> PROBLEM TO WORK ON
Scan the entries for the word "shows". Every line that has it should be copied.
%%
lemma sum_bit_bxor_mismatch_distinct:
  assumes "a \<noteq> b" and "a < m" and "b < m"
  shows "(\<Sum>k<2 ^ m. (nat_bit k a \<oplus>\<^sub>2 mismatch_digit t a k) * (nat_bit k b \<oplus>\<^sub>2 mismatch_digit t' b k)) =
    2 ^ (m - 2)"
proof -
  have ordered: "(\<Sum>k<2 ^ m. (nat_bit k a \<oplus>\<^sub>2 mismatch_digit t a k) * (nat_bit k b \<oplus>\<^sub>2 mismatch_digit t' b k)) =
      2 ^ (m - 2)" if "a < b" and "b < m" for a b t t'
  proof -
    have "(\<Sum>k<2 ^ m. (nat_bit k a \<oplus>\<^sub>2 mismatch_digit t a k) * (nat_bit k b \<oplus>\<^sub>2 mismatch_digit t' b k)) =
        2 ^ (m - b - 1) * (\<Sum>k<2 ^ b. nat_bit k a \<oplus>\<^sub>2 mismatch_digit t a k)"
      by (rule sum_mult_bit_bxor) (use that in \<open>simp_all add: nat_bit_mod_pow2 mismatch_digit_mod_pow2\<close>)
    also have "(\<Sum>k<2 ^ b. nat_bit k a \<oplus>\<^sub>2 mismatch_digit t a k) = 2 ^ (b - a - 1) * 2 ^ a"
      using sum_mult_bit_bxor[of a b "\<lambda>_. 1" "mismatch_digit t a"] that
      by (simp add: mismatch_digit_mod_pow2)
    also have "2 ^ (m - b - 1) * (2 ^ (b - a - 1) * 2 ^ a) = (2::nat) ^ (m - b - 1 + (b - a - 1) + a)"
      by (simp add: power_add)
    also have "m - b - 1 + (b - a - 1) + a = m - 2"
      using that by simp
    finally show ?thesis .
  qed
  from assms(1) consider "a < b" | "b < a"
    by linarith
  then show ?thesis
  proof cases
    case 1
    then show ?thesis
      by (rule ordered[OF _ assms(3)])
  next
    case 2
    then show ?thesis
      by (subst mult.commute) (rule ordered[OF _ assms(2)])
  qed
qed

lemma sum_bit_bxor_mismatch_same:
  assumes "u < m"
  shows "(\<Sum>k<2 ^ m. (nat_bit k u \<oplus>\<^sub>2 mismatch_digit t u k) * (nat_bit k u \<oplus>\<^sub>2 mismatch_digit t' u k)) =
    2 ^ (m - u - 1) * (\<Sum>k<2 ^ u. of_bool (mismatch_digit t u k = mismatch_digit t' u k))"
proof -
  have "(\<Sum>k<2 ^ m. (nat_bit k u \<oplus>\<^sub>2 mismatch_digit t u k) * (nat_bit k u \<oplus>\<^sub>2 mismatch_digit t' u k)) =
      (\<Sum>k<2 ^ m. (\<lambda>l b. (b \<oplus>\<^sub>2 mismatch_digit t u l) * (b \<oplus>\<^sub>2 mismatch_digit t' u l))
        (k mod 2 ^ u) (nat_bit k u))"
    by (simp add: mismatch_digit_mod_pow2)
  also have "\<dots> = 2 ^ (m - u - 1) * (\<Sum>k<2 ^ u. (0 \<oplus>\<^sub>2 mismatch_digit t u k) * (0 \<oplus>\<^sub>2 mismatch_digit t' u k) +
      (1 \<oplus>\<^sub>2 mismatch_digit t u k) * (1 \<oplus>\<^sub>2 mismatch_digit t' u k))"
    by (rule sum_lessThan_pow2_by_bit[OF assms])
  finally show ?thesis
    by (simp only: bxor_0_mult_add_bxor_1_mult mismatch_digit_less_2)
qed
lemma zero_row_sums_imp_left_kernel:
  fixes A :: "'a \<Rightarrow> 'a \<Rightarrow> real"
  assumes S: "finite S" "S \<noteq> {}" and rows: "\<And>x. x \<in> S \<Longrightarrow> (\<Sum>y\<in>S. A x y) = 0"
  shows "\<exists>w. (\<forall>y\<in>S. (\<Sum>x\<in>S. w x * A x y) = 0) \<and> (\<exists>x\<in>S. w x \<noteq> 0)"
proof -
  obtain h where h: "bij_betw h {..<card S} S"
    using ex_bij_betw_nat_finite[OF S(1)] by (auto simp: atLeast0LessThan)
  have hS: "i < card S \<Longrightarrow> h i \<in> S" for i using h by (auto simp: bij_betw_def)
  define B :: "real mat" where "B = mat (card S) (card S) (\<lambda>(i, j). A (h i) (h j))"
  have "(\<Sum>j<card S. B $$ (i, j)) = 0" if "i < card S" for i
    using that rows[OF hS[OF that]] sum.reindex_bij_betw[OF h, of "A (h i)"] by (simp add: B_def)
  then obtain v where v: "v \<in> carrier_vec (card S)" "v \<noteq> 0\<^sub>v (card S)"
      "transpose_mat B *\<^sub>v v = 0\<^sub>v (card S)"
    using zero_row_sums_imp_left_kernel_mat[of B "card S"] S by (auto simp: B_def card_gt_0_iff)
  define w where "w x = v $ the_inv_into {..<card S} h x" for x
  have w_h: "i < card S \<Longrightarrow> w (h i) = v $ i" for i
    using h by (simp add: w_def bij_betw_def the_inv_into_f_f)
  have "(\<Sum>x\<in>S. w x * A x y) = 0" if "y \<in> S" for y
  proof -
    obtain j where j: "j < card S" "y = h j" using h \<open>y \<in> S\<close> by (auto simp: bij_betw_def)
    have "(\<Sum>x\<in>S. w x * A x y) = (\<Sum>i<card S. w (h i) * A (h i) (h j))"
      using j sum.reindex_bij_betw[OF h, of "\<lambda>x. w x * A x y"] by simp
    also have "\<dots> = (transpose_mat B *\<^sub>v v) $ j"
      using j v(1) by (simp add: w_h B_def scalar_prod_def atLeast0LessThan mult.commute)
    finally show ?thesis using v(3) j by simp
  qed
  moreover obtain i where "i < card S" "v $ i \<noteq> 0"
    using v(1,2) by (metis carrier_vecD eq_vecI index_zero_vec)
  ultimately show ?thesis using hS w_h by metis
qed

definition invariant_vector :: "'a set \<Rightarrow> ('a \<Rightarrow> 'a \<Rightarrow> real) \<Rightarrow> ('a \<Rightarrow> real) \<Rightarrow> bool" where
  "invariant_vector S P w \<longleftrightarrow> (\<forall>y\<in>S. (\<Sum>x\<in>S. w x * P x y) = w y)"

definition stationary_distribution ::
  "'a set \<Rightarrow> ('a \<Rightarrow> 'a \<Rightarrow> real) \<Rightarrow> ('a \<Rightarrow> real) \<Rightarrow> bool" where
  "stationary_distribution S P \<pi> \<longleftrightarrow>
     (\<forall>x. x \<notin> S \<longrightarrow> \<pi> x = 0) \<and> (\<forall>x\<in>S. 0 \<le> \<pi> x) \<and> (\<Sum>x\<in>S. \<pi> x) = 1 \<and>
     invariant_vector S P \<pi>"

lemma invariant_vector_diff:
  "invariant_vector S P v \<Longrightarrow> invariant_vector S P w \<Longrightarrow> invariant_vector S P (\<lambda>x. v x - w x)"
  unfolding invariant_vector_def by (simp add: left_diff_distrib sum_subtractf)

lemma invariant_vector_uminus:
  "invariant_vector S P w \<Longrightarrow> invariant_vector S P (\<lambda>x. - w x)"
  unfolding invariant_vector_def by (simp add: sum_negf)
%%
> RESPONSE BOX
  shows "(\<Sum>k<2 ^ m. (nat_bit k a \<oplus>\<^sub>2 mismatch_digit t a k) * (nat_bit k b \<oplus>\<^sub>2 mismatch_digit t' b k)) =
  shows "(\<Sum>k<2 ^ m. (nat_bit k u \<oplus>\<^sub>2 mismatch_digit t u k) * (nat_bit k u \<oplus>\<^sub>2 mismatch_digit t' u k)) =
  shows "\<exists>w. (\<forall>y\<in>S. (\<Sum>x\<in>S. w x * A x y) = 0) \<and> (\<exists>x\<in>S. w x \<noteq> 0)"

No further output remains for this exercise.